## How to complete this task
Go through the entries below and copy each line that holds the word "range".

## Entries provided
--- START ---

lemma linear_lower_bound_on_coordinate_subspaces:
  fixes f :: "real^'n \<Rightarrow> 'm::euclidean_space"
  assumes "linear f"
  obtains c where "c > 0"
    and "\<And>K w. \<forall>v\<in>coordinate_subspace K. f v = 0 \<longrightarrow> v = 0 \<Longrightarrow> w \<in> coordinate_subspace K
           \<Longrightarrow> c * norm w \<le> norm (f w)"
proof -
  have "\<exists>c>0. (\<forall>v\<in>coordinate_subspace K. f v = 0 \<longrightarrow> v = 0)
           \<longrightarrow> (\<forall>w\<in>coordinate_subspace K. c * norm w \<le> norm (f w))" for K
    using injective_imp_isometric[OF closed_subspace subspace_coordinate_subspace
        linear_conv_bounded_linear[THEN iffD1, OF assms]] subspace_coordinate_subspace
    by (metis zero_less_one)
  then obtain c where c_pos: "\<And>K. c K > 0"
    and c: "\<And>K. \<forall>v\<in>coordinate_subspace K. f v = 0 \<longrightarrow> v = 0
              \<Longrightarrow> \<forall>w\<in>coordinate_subspace K. c K * norm w \<le> norm (f w)"
    by metis
  \<comment> \<open>There are only finitely many coordinate subspaces.\<close>
  show thesis
  proof (rule that)
    show "Min (range c) > 0"
      using c_pos by simp
    show "Min (range c) * norm w \<le> norm (f w)"
      if "\<forall>v\<in>coordinate_subspace K. f v = 0 \<longrightarrow> v = 0" "w \<in> coordinate_subspace K" for K w
      using c[OF that(1)] that(2) mult_right_mono[OF Min_le[of "range c" "c K"]]
      by (meson finite UNIV_I finite_imageI image_eqI norm_ge_zero order_trans)
  qed
qed

lemma kernel_vector_orientation:
  fixes m w :: "real^'n"
  assumes "w \<noteq> 0" and m: "\<forall>i. m $ i \<ge> 0"
  obtains w' where "w' = w \<or> w' = - w" "m \<bullet> w' \<ge> 0" "\<exists>j. w' $ j > 0"
proof -
  have pos: "\<exists>j. v $ j > 0" if "m \<bullet> v > 0" for v
  proof (rule ccontr)
    assume "\<not> (\<exists>j. v $ j > 0)"
    then have "m \<bullet> v \<le> 0"
      using m unfolding inner_vec_def by (intro sum_nonpos) (simp add: mult_nonneg_nonpos not_less)
    with that show False
      by simp
  qed
  obtain j where "w $ j \<noteq> 0"
    using assms(1) by (auto simp: vec_eq_iff)
  then consider "m \<bullet> w > 0" | "m \<bullet> w < 0" | "m \<bullet> w = 0" "w $ j > 0" | "m \<bullet> w = 0" "w $ j < 0"
    by linarith
  then show thesis
    using pos[of w] pos[of "- w"] that[of w] that[of "- w"] by cases (auto simp: inner_minus_right)
qed

lemma shrink_support_along_kernel:
  fixes f :: "real^'n \<Rightarrow> 'm::real_vector"
  assumes lin: "linear f" and z: "\<forall>i. z $ i \<ge> 0"
    and w: "f w = 0" "w \<in> coordinate_subspace {i. z $ i \<noteq> 0}" "m \<bullet> w \<ge> 0" "w $ j > 0"
  obtains z' where "\<forall>i. z' $ i \<ge> 0" "f z' = f z" "m \<bullet> z' \<le> m \<bullet> z"
    "{i. z' $ i \<noteq> 0} \<subset> {i. z $ i \<noteq> 0}"
proof -
  \<comment> \<open>Move from z against w as far as the positive orthant allows.\<close>
  define T where "T = {i. w $ i > 0}"
  define t where "t = Min ((\<lambda>i. z $ i / w $ i) ` T)"
  have T: "finite T" "j \<in> T"
    using w(4) by (auto simp: T_def)
  then obtain i0 where i0: "i0 \<in> T" "t = z $ i0 / w $ i0"
    using Min_in[of "(\<lambda>i. z $ i / w $ i) ` T"] unfolding t_def by blast
  have t_le: "t \<le> z $ i / w $ i" if "i \<in> T" for i
    unfolding t_def using T that by (intro Min_le) auto
  have "t \<ge> 0"
    using i0 z by (simp add: T_def)
  define z' where "z' = z - t *\<^sub>R w"
  show thesis
  proof (rule that[of z'])
    show "\<forall>i. z' $ i \<ge> 0"
    proof
      fix i
      show "z' $ i \<ge> 0"
      proof (cases "w $ i > 0")
        case True
        then show ?thesis
          using t_le[of i] by (simp add: T_def z'_def le_divide_eq)
      next
        case False
        then show ?thesis
          using \<open>t \<ge> 0\<close> z[rule_format, of i] mult_nonneg_nonpos[of t "w $ i"] by (simp add: z'_def)
      qed
    qed
    show "f z' = f z"
      using w(1) by (simp add: z'_def linear_diff[OF lin] linear_scale[OF lin])
    show "m \<bullet> z' \<le> m \<bullet> z"
      using \<open>t \<ge> 0\<close> w(3) by (simp add: z'_def inner_diff_right)
    have "z' $ i0 = 0" "z $ i0 \<noteq> 0"
      using i0 w(2) by (auto simp: z'_def T_def coordinate_subspace_def)
    moreover have "{i. z' $ i \<noteq> 0} \<subseteq> {i. z $ i \<noteq> 0}"
      using w(2) by (auto simp: z'_def coordinate_subspace_def)
    ultimately show "{i. z' $ i \<noteq> 0} \<subset> {i. z $ i \<noteq> 0}"
      by blast
  qed
qed

lemma nonneg_preimage_with_injective_support:
  fixes f :: "real^'n \<Rightarrow> 'm::real_vector"
  assumes lin: "linear f" and m: "\<forall>i. m $ i \<ge> 0" and z: "\<forall>i. z $ i \<ge> 0"
  obtains z' where "\<forall>i. z' $ i \<ge> 0" "f z' = f z" "m \<bullet> z' \<le> m \<bullet> z"
    "\<forall>w\<in>coordinate_subspace {i. z' $ i \<noteq> 0}. f w = 0 \<longrightarrow> w = 0"
  using z
proof (induction "card {i. z $ i \<noteq> 0}" arbitrary: z thesis rule: less_induct)
  case less
  show ?case
  proof (cases "\<forall>w\<in>coordinate_subspace {i. z $ i \<noteq> 0}. f w = 0 \<longrightarrow> w = 0")
    case True
    with less.prems show ?thesis
      by blast
  next
    case False
    then obtain w where w: "w \<in> coordinate_subspace {i. z $ i \<noteq> 0}" "f w = 0" "w \<noteq> 0"
      by blast
    obtain w' where w': "w' = w \<or> w' = - w" "m \<bullet> w' \<ge> 0" "\<exists>j. w' $ j > 0"
      using kernel_vector_orientation[OF w(3) m] by blast
    have "w' \<in> coordinate_subspace {i. z $ i \<noteq> 0}" "f w' = 0"
      using w w'(1) linear_neg[OF lin] subspace_neg[OF subspace_coordinate_subspace] by auto
    then obtain z' where z': "\<forall>i. z' $ i \<ge> 0" "f z' = f z" "m \<bullet> z' \<le> m \<bullet> z"
      "{i. z' $ i \<noteq> 0} \<subset> {i. z $ i \<noteq> 0}"
      using shrink_support_along_kernel[OF lin less.prems(2)] w'(2,3) by metis
    then have "card {i. z' $ i \<noteq> 0} < card {i. z $ i \<noteq> 0}"
      by (intro psubset_card_mono) auto
    then obtain z'' where "\<forall>i. z'' $ i \<ge> 0" "f z'' = f z'" "m \<bullet> z'' \<le> m \<bullet> z'"
      "\<forall>w\<in>coordinate_subspace {i. z'' $ i \<noteq> 0}. f w = 0 \<longrightarrow> w = 0"
      using less.hyps z'(1) by metis
    with z' less.prems(1) show ?thesis
      by fastforce
  qed
qed

lemma linear_vec_expansion:
  fixes f :: "real^'n \<Rightarrow> 'm::real_vector"
  assumes "linear f"
  shows "f z = (\<Sum>i\<in>UNIV. z $ i *\<^sub>R f (axis i 1))"
proof -
  have "f z = f (\<Sum>i\<in>UNIV. z $ i *\<^sub>R axis i 1)"
    using basis_expansion[of z] by (simp add: scalar_mult_eq_scaleR)
  then show ?thesis
    by (simp add: linear_sum[OF assms] linear_scale[OF assms])
qed

lemma weighted_Cauchy_Schwarz:
  fixes z \<mu> :: "'i \<Rightarrow> real"
  assumes "\<And>i. i \<in> I \<Longrightarrow> z i \<ge> 0"
  shows "(\<Sum>i\<in>I. z i * \<mu> i)\<^sup>2 \<le> (\<Sum>i\<in>I. z i * (\<mu> i)\<^sup>2) * (\<Sum>i\<in>I. z i)"
proof -
  have sq: "(sqrt (z i))\<^sup>2 = z i" if "i \<in> I" for i
    using assms[OF that] by simp
  have "(\<Sum>i\<in>I. (sqrt (z i) * \<mu> i) * sqrt (z i)) = (\<Sum>i\<in>I. z i * \<mu> i)"
    by (intro sum.cong refl) (metis sq power2_eq_square mult.commute mult.left_commute)
  moreover have "(\<Sum>i\<in>I. (sqrt (z i) * \<mu> i)\<^sup>2) = (\<Sum>i\<in>I. z i * (\<mu> i)\<^sup>2)"
    by (intro sum.cong refl) (simp add: power_mult_distrib sq)
  moreover have "(\<Sum>i\<in>I. (sqrt (z i))\<^sup>2) = (\<Sum>i\<in>I. z i)"
    by (intro sum.cong refl) (simp add: sq)
  ultimately show ?thesis
    using Cauchy_Schwarz_ineq_sum[of "\<lambda>i. sqrt (z i) * \<mu> i" "\<lambda>i. sqrt (z i)" I] by simp
qed

lemma norm_cube_le_if_norm_le:
  fixes f :: "real^'n \<Rightarrow> 'm::euclidean_space"
  assumes lin: "linear f" and c: "c > 0" and z: "\<forall>i. z $ i \<ge> 0" and "c * norm z \<le> norm (f z)"
  shows "norm (f z) ^ 3 \<le> real CARD('n) / c * (\<Sum>i\<in>UNIV. (f z \<bullet> f (axis i 1))\<^sup>2 * z $ i)"
proof -
  define a where "a = f z"
  define \<mu> where "\<mu> i = a \<bullet> f (axis i 1)" for i
  define Q where "Q = (\<Sum>i\<in>UNIV. z $ i * (\<mu> i)\<^sup>2)"
  have "(\<Sum>i\<in>UNIV. z $ i) \<le> (\<Sum>i\<in>(UNIV :: 'n set). norm z)"
    by (intro sum_mono) (metis component_le_norm_cart abs_ge_self order_trans)
  also have "\<dots> \<le> real CARD('n) / c * norm a"
    using assms(4) c by (simp add: a_def field_simps)
  finally have sum_le: "(\<Sum>i\<in>UNIV. z $ i) \<le> real CARD('n) / c * norm a" .
  have "(norm a)\<^sup>2 = (\<Sum>i\<in>UNIV. z $ i * \<mu> i)"
    using linear_vec_expansion[OF lin, of z]
    by (simp add: a_def power2_norm_eq_inner inner_sum_right \<mu>_def)
  then have "(norm a ^ 2)\<^sup>2 \<le> Q * (\<Sum>i\<in>UNIV. z $ i)"
    using weighted_Cauchy_Schwarz[of UNIV "\<lambda>i. z $ i" \<mu>] z by (simp add: Q_def)
  also have "\<dots> \<le> Q * (real CARD('n) / c * norm a)"
    using sum_le z by (intro mult_left_mono) (simp_all add: Q_def sum_nonneg)
  finally have le: "norm a ^ 3 * norm a \<le> (real CARD('n) / c * Q) * norm a"
    by (simp add: power_mult[symmetric] mult_ac numeral_eq_Suc)
  have "norm a ^ 3 \<le> real CARD('n) / c * Q"
  proof (cases "a = 0")
    case True
    then show ?thesis
      using c z by (simp add: Q_def sum_nonneg)
  next
    case False
    then show ?thesis
      using mult_right_le_imp_le[OF le] by simp
  qed
  then show ?thesis
    by (simp add: a_def Q_def \<mu>_def mult.commute)
qed
theorem proposition2p5:
  "\<forall>d::nat. d \<ge> 1 \<longrightarrow> (\<exists>c>0. \<forall>\<epsilon>::real. 0 < \<epsilon> \<and> \<epsilon> \<le> 1 \<longrightarrow>
     (\<exists>(C::real) (B::real \<Rightarrow> real) (Cp::ennreal \<Rightarrow> real). C > 0 \<and> overlap_fun B \<and>
       (\<forall>\<phi>\<in>P1 d. \<forall>\<delta>::real. 0 < \<delta> \<and> \<delta> < c \<longrightarrow>
         (\<forall>R. is_par R \<and> par R \<subseteq> {-1..1} \<and> width R \<ge> \<delta> \<longrightarrow>
           (\<exists>S::(real \<times> real) set. finite S \<and>
              {x \<in> par R. \<bar>poly \<phi> x\<bar> \<le> \<delta>} \<subseteq> (\<Union>Q\<in>S. par Q) \<and>
              (\<forall>Q\<in>S. is_par Q \<and> par Q \<subseteq> par (dil 2 R) \<and> width Q \<ge> \<delta>) \<and>
              B_overlapping B S \<and>
              (\<forall>Q\<in>S. \<forall>x\<in>par Q. \<bar>poly \<phi> x\<bar> \<le> C * \<delta>) \<and>
              (\<forall>p::ennreal. p \<ge> 2 \<longrightarrow>
                 decouples {x \<in> par R. \<bar>poly \<phi> x\<bar> \<le> \<delta>} S p p (Cp p * \<delta> powr (- \<epsilon>))))))))"
  apply (intro allI impI)
  subgoal for d
  proof -
    obtain L where L: "\<And>\<phi>. \<phi> \<in> P1 d \<Longrightarrow> L-lipschitz_on {-2..2} (poly \<phi>)"
      using P1_uniformly_lipschitz_on[where a = "-2" and b = 2] by blast
    have pos: "0 < 1 + L"
      using lipschitz_on_nonneg[OF L[of 0]] by (simp add: P1_def)
    have overlap: "overlap_fun (\<lambda>_. real ((2 * d + 2)\<^sup>2))"
      by (simp add: overlap_fun_def mono_on_def)
    have deg: "degree \<phi> \<le> d" if "\<phi> \<in> P1 d" for \<phi>
      using that by (simp add: P1_def)
    show ?thesis
    proof (rule exI[of _ "1::real"], rule conjI, simp, intro allI impI, rule exI[of _ "1 + L"],
        rule exI[of _ "\<lambda>_. real ((2 * d + 2)\<^sup>2)"], rule exI[of _ "\<lambda>_. real ((2 * d + 2)\<^sup>2)"],
        intro conjI ballI allI impI pos overlap)
    qed (rule P1_sublevel_set_decomposition; auto intro: L deg)
  qed
  done

end
text \<open>Chiral: rotation group of a polytope which is not directly regular, i.e. there is no
  group automorphism sending (s1,s2,s3) to (s1^-1, s1^2 s2, s3).\<close>
definition chiral4 :: "('a, 'b) monoid_scheme \<Rightarrow> 'a \<Rightarrow> 'a \<Rightarrow> 'a \<Rightarrow> bool" where
  "chiral4 G a b c \<longleftrightarrow> rot_group4 G a b c \<and>
     \<not> (\<exists>\<phi>. \<phi> \<in> iso G G \<and> \<phi> a = inv\<^bsub>G\<^esub> a \<and> \<phi> b = a \<otimes>\<^bsub>G\<^esub> a \<otimes>\<^bsub>G\<^esub> b \<and> \<phi> c = c)"

text \<open>Type {p,q,r} with p,q,r the orders of the generators; tight: 2pqr flags, i.e.
  the rotation group has order pqr.\<close>
definition tight_chiral4 :: "('a, 'b) monoid_scheme \<Rightarrow> 'a \<Rightarrow> 'a \<Rightarrow> 'a \<Rightarrow> bool" where
  "tight_chiral4 G a b c \<longleftrightarrow> chiral4 G a b c \<and> finite (carrier G) \<and>
     2 * order G = 2 * (group.ord G a * group.ord G b * group.ord G c)"

text \<open>Atomic: tight, and does not properly cover any tight chiral polytope, i.e. no
  nontrivial normal subgroup N yields a tight chiral quotient with the induced generators.\<close>
definition atomic_chiral4 :: "('a, 'b) monoid_scheme \<Rightarrow> 'a \<Rightarrow> 'a \<Rightarrow> 'a \<Rightarrow> bool" where
  "atomic_chiral4 G a b c \<longleftrightarrow> tight_chiral4 G a b c \<and>
     \<not> (\<exists>N. N \<lhd> G \<and> N \<noteq> {\<one>\<^bsub>G\<^esub>} \<and>
          tight_chiral4 (G Mod N) (N #>\<^bsub>G\<^esub> a) (N #>\<^bsub>G\<^esub> b) (N #>\<^bsub>G\<^esub> c))"

end

theory Submission
  imports Defs "HOL-Number_Theory.Cong"
begin
lemma reachable_subset_sums_over:
  assumes "r \<in> L"
    and "\<And>y x. y \<in> L \<Longrightarrow> deriv x y \<in> sums_over L"
    and "\<And>y. y \<in> L \<Longrightarrow> Conc y \<in> sums_over L"
  shows "reachable r \<subseteq> sums_over L"
proof (rule reachable_subsetI)
  show "r \<in> sums_over L" using assms(1) by (rule sums_over_base)
  show "deriv x q \<in> sums_over L" if "q \<in> sums_over L" for q x
    using that sim_deriv deriv_plus_list assms(2) by (rule sums_over_closed)
  show "Conc q \<in> sums_over L" if "q \<in> sums_over L" for q
    using that sim_Conc Conc_plus_list assms(3) by (rule sums_over_closed)
qed

lemma descendants_subset_reachable: "descendants r \<subseteq> reachable r"
proof -
  have "derivw w q \<in> reachable r" if "q \<in> reachable r" for w q
    using that by (induction w arbitrary: q) (simp_all add: reachable_deriv)
  then show ?thesis unfolding descendants_def using reachable_base by blast
qed

lemma self_in_descendants: "a \<in> descendants a"
  unfolding descendants_def by (auto intro: exI[of _ "[]"])

lemma derivw_snoc: "derivw (w @ [x]) r = deriv x (derivw w r)"
  by (induction w arbitrary: r) auto

lemma deriv_in_descendants: "p \<in> descendants a \<Longrightarrow> deriv x p \<in> descendants a"
  unfolding descendants_def by (auto simp flip: derivw_snoc)

lemma finite_mod_sim_reachable_Plus:
  assumes "finite_mod_sim (reachable a)" and "finite_mod_sim (reachable b)"
  shows "finite_mod_sim (reachable (Plus a b))"
proof (rule finite_mod_sim_subset)
  show "reachable (Plus a b) \<subseteq> {Plus p q | p q. p \<in> reachable a \<and> q \<in> reachable b}"
    by (rule reachable_subsetI) (auto intro: reachable_base reachable_deriv reachable_Conc)
  show "finite_mod_sim {Plus p q | p q. p \<in> reachable a \<and> q \<in> reachable b}"
    using assms by (rule finite_mod_sim_image2) (rule sim_Plus)
qed

lemma finite_mod_sim_reachable_Fork:
  assumes "finite_mod_sim (reachable a)"
  shows "finite_mod_sim (reachable (Fork a))"
proof (rule finite_mod_sim_subset)
  show "reachable (Fork a) \<subseteq> Fork ` reachable a"
    by (rule reachable_subsetI) (auto intro: reachable_base reachable_deriv)
  show "finite_mod_sim (Fork ` reachable a)"
    using assms by (rule finite_mod_sim_image) (rule sim_Fork)
qed
lemma sum_Ind_fibre:
  assumes tf: "triangle_free V E" and v: "v \<in> V"
    and K: "K \<in> Ind" "v \<in> uncovered K"
  shows "(\<Sum>I\<in>{I\<in>Ind. I - nbhd v = K}. lam ^ card I / (1 + lam) ^ card (nbhd v \<inter> uncovered I))
         = lam ^ card K"
proof -
  define U where "U = nbhd v \<inter> uncovered K"
  define g where "g I = lam ^ card I / (1 + lam) ^ card (nbhd v \<inter> uncovered I)" for I
  have fin: "finite U" "finite K"
    using finite_V Ind_finite[OF K(1)] by (auto simp: U_def nbhd_def)
  have disj: "K \<inter> U = {}"
    using K(2) unfolding U_def uncovered_def nbhd_def by auto
  have "inj_on (\<lambda>S. K \<union> S) (Pow U)"
    using disj by (auto intro!: inj_onI)
  then have "(\<Sum>I\<in>{I\<in>Ind. I - nbhd v = K}. g I) = (\<Sum>S\<in>Pow U. g (K \<union> S))"
    by (simp add: Ind_fibre_eq[OF tf v K] U_def sum.reindex)
  also have "\<dots> = (\<Sum>S\<in>Pow U. lam ^ card K / (1 + lam) ^ card U * lam ^ card S)"
  proof (intro sum.cong refl)
    fix S assume S: "S \<in> Pow U"
    then have "card (K \<union> S) = card K + card S"
      using disj fin finite_subset by (intro card_Un_disjoint) auto
    then show "g (K \<union> S) = lam ^ card K / (1 + lam) ^ card U * lam ^ card S"
      using S nbhd_Int_uncovered_Un[OF tf v, of S K]
      by (auto simp: g_def U_def power_add)
  qed
  also have "\<dots> = lam ^ card K / (1 + lam) ^ card U * (1 + lam) ^ card U"
    by (simp only: sum_distrib_left[symmetric] sum_power_card_Pow[OF fin(1)])
  also have "\<dots> = lam ^ card K"
    using lam_pos by simp
  finally show ?thesis by (simp add: g_def)
qed

lemma uncovered_weight_eq:
  assumes tf: "triangle_free V E" and v: "v \<in> V"
  shows "uncovered_weight v =
    (\<Sum>I\<in>Ind. lam ^ card I / (1 + lam) ^ card (nbhd v \<inter> uncovered I))"
proof -
  define D where "D = {K\<in>Ind. v \<in> uncovered K}"
  have "finite D" using finite_Ind by (simp add: D_def)
  moreover have "(\<lambda>I. I - nbhd v) ` Ind \<subseteq> D"
  proof (intro image_subsetI)
    fix I assume "I \<in> Ind"
    then show "I - nbhd v \<in> D"
      using Ind_subset[of I "I - nbhd v"] Ind_subset_V[of I] v
      unfolding D_def nbhd_def uncovered_def by auto
  qed
  ultimately have "(\<Sum>I\<in>Ind. lam ^ card I / (1 + lam) ^ card (nbhd v \<inter> uncovered I))
      = (\<Sum>K\<in>D. \<Sum>I\<in>{I\<in>Ind. I - nbhd v = K}.
           lam ^ card I / (1 + lam) ^ card (nbhd v \<inter> uncovered I))"
    by (intro sum.group[OF finite_Ind, symmetric])
  also have "\<dots> = uncovered_weight v"
    by (simp add: sum_Ind_fibre[OF tf v] uncovered_weight_def D_def)
  finally show ?thesis ..
qed

lemma sum_nbhd_occupied:
  "(\<Sum>I\<in>Ind. lam ^ card I * card (nbhd v \<inter> I))
   = lam / (1 + lam) * (\<Sum>I\<in>Ind. lam ^ card I * card (nbhd v \<inter> uncovered I))"
proof -
  have fin: "finite (nbhd v)" using finite_V by (simp add: nbhd_def)
  have "(\<Sum>I\<in>Ind. lam ^ card I * card (nbhd v \<inter> I)) = (\<Sum>u\<in>nbhd v. occupied_weight u)"
    using sum_mult_card_filter_swap[OF finite_Ind fin, of "\<lambda>I. lam ^ card I" "\<lambda>u I. u \<in> I"]
    by (simp add: occupied_weight_def Int_def)
  also have "\<dots> = lam / (1 + lam) * (\<Sum>u\<in>nbhd v. uncovered_weight u)"
    by (simp add: sum_distrib_left occupied_weight_eq nbhd_def)
  also have "(\<Sum>u\<in>nbhd v. uncovered_weight u)
             = (\<Sum>I\<in>Ind. lam ^ card I * card (nbhd v \<inter> uncovered I))"
    using sum_mult_card_filter_swap[OF finite_Ind fin, of "\<lambda>I. lam ^ card I" "\<lambda>u I. u \<in> uncovered I"]
    by (simp add: uncovered_weight_def Int_def)
  finally show ?thesis .
qed

lemma sum_card_nbhd_Int_le:
  assumes "I \<subseteq> V"
  shows "(\<Sum>v\<in>V. card (nbhd v \<inter> I)) \<le> max_degree V E * card I"
proof -
  have fin: "finite I" using finite_subset[OF assms finite_V] .
  have count_out: "card (nbhd v \<inter> I) = (\<Sum>u\<in>I. if E v u then 1 else 0)" for v
  proof -
    have "nbhd v \<inter> I = {u\<in>I. E v u}" using assms by (auto simp: nbhd_def)
    then show ?thesis using fin by (simp add: sum.inter_filter[symmetric])
  qed
  have count_in: "card (nbhd u) = (\<Sum>v\<in>V. if E v u then 1 else 0)" if "u \<in> I" for u
  proof -
    have "nbhd u = {v\<in>V. E v u}" using that assms E_sym by (auto simp: nbhd_def)
    then show ?thesis using finite_V by (simp add: sum.inter_filter[symmetric])
  qed
  have "(\<Sum>v\<in>V. card (nbhd v \<inter> I)) = (\<Sum>v\<in>V. \<Sum>u\<in>I. if E v u then 1 else 0)"
    by (simp add: count_out)
  also have "\<dots> = (\<Sum>u\<in>I. \<Sum>v\<in>V. if E v u then 1 else 0)"
    by (rule sum.swap)
  also have "\<dots> = (\<Sum>u\<in>I. card (nbhd u))"
    by (simp add: count_in)
  also have "\<dots> \<le> (\<Sum>u\<in>I. max_degree V E)"
    using assms finite_V unfolding max_degree_def
    by (intro sum_mono Max_ge) (auto simp: degree_def nbhd_def)
  finally show ?thesis by (simp add: mult.commute)
qed

lemma nbhd_occupancy_le:
  assumes "max_degree V E = d"
  shows "lam / (1 + lam) * (\<Sum>v\<in>V. \<Sum>I\<in>Ind. lam ^ card I * card (nbhd v \<inter> uncovered I))
         \<le> d * weighted_size"
proof -
  have "lam / (1 + lam) * (\<Sum>v\<in>V. \<Sum>I\<in>Ind. lam ^ card I * card (nbhd v \<inter> uncovered I))
        = (\<Sum>v\<in>V. \<Sum>I\<in>Ind. lam ^ card I * card (nbhd v \<inter> I))"
    by (simp add: sum_distrib_left sum_nbhd_occupied)
  also have "\<dots> = (\<Sum>I\<in>Ind. lam ^ card I * (\<Sum>v\<in>V. card (nbhd v \<inter> I)))"
    unfolding of_nat_sum sum_distrib_left by (rule sum.swap)
  also have "\<dots> \<le> (\<Sum>I\<in>Ind. lam ^ card I * (real d * card I))"
  proof (intro sum_mono mult_left_mono)
    fix I assume "I \<in> Ind"
    then have "(\<Sum>v\<in>V. card (nbhd v \<inter> I)) \<le> d * card I"
      using sum_card_nbhd_Int_le Ind_subset_V assms by auto
    then show "real (\<Sum>v\<in>V. card (nbhd v \<inter> I)) \<le> real d * real (card I)"
      by (metis of_nat_le_iff of_nat_mult)
  qed (use lam_pos in simp)
  also have "\<dots> = d * weighted_size"
    by (simp add: weighted_size_def sum_distrib_left ac_simps)
  finally show ?thesis .
qed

--- END ---

## Written solution
    show "Min (range c) > 0"
    show "Min (range c) * norm w \<le> norm (f w)"
      using c[OF that(1)] that(2) mult_right_mono[OF Min_le[of "range c" "c K"]]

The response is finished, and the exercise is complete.